* _Your objective_: Using the records provided below, locate and copy each line that contains the word "fixes".
* * * * *
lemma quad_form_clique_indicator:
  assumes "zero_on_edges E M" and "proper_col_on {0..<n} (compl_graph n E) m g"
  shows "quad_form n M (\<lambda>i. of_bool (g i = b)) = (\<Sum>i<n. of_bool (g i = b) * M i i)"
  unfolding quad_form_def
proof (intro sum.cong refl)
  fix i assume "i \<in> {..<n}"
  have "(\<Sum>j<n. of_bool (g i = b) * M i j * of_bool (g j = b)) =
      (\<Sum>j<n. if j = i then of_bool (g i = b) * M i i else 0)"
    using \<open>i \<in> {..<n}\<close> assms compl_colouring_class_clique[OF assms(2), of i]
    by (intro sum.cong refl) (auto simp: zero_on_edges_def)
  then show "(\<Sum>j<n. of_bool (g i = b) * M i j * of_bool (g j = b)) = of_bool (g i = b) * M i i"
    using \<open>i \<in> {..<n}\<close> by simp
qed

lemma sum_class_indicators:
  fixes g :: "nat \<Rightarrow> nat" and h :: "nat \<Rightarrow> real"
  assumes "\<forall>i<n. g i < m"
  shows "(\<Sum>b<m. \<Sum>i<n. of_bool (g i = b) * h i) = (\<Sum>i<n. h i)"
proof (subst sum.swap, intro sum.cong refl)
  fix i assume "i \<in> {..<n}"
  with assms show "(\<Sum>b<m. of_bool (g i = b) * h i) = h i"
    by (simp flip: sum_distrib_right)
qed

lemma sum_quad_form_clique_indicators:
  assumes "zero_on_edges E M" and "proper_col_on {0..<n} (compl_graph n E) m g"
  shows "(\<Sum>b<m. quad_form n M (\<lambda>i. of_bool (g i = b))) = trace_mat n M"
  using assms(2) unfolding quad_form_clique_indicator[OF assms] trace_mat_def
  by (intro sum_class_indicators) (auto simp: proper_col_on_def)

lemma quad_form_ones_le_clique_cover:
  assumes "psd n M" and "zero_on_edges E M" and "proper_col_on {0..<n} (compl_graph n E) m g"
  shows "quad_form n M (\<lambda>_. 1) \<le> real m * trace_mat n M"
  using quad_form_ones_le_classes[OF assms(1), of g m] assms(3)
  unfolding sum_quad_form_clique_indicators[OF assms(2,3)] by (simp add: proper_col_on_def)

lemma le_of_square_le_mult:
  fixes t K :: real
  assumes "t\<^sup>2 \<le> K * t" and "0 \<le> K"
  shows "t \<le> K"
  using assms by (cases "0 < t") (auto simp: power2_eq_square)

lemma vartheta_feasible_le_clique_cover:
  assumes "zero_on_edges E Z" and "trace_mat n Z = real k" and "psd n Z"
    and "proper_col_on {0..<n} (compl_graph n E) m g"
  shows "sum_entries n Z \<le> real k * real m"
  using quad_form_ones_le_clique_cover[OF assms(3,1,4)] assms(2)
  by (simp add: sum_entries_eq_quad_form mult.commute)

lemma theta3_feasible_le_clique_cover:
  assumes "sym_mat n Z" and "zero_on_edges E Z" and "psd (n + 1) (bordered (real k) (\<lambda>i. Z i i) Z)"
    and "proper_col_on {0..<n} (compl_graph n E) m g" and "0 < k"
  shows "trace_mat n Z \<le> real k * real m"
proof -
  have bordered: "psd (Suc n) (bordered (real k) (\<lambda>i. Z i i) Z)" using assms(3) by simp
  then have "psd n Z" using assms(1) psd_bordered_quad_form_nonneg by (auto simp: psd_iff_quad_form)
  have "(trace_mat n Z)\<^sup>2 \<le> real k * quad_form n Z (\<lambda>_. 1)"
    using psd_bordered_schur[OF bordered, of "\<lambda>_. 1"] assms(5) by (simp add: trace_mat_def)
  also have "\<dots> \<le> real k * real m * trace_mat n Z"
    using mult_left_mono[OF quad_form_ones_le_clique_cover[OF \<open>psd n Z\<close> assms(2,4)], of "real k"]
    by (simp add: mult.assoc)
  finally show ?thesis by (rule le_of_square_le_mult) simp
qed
* * * * *
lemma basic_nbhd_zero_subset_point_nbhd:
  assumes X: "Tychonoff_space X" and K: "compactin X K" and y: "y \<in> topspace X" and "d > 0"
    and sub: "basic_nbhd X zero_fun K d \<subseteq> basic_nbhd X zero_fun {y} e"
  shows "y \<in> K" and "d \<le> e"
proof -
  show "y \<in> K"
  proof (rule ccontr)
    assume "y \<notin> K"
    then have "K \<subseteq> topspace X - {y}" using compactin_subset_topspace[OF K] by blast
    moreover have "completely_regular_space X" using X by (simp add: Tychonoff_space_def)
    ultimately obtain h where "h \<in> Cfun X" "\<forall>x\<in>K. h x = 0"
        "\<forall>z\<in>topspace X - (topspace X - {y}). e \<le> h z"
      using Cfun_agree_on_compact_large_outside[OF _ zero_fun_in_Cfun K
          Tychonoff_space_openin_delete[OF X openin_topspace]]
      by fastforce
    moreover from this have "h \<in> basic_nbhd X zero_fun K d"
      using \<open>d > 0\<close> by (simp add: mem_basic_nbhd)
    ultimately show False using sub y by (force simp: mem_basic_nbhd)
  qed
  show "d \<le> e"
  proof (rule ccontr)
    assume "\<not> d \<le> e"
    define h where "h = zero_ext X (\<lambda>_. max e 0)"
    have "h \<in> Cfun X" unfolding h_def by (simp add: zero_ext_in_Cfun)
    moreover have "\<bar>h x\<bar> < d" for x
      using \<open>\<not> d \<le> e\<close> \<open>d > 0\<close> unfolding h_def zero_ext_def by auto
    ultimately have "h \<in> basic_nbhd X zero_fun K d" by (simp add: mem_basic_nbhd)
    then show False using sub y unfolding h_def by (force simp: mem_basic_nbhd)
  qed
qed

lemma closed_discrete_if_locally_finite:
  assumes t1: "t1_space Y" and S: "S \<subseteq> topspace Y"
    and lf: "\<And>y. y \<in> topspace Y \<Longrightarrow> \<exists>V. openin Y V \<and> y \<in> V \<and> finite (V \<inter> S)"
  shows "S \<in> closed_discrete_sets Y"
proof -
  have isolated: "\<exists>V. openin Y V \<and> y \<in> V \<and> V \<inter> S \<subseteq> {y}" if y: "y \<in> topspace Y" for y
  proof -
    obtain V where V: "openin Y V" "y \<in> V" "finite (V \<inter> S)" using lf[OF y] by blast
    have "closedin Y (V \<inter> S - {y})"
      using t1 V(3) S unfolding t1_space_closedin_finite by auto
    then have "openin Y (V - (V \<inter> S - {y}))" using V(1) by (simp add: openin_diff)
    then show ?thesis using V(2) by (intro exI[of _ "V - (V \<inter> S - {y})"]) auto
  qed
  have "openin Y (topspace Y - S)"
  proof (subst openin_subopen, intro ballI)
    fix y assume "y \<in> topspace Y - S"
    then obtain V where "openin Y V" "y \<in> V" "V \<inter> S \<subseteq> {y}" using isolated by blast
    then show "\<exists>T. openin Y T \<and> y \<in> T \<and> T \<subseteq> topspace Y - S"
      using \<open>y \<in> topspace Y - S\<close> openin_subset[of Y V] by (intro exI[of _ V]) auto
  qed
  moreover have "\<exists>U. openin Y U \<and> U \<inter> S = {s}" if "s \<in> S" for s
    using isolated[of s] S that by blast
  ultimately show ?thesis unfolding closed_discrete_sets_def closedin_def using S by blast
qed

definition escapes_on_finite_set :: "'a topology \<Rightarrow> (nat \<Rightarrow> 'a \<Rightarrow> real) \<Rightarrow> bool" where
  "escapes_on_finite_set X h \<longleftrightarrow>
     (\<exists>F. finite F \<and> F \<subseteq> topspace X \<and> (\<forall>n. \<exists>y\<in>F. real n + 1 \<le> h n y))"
* * * * *
* _Exercise solution_:
  fixes g :: "nat \<Rightarrow> nat" and h :: "nat \<Rightarrow> real"
  fixes t K :: real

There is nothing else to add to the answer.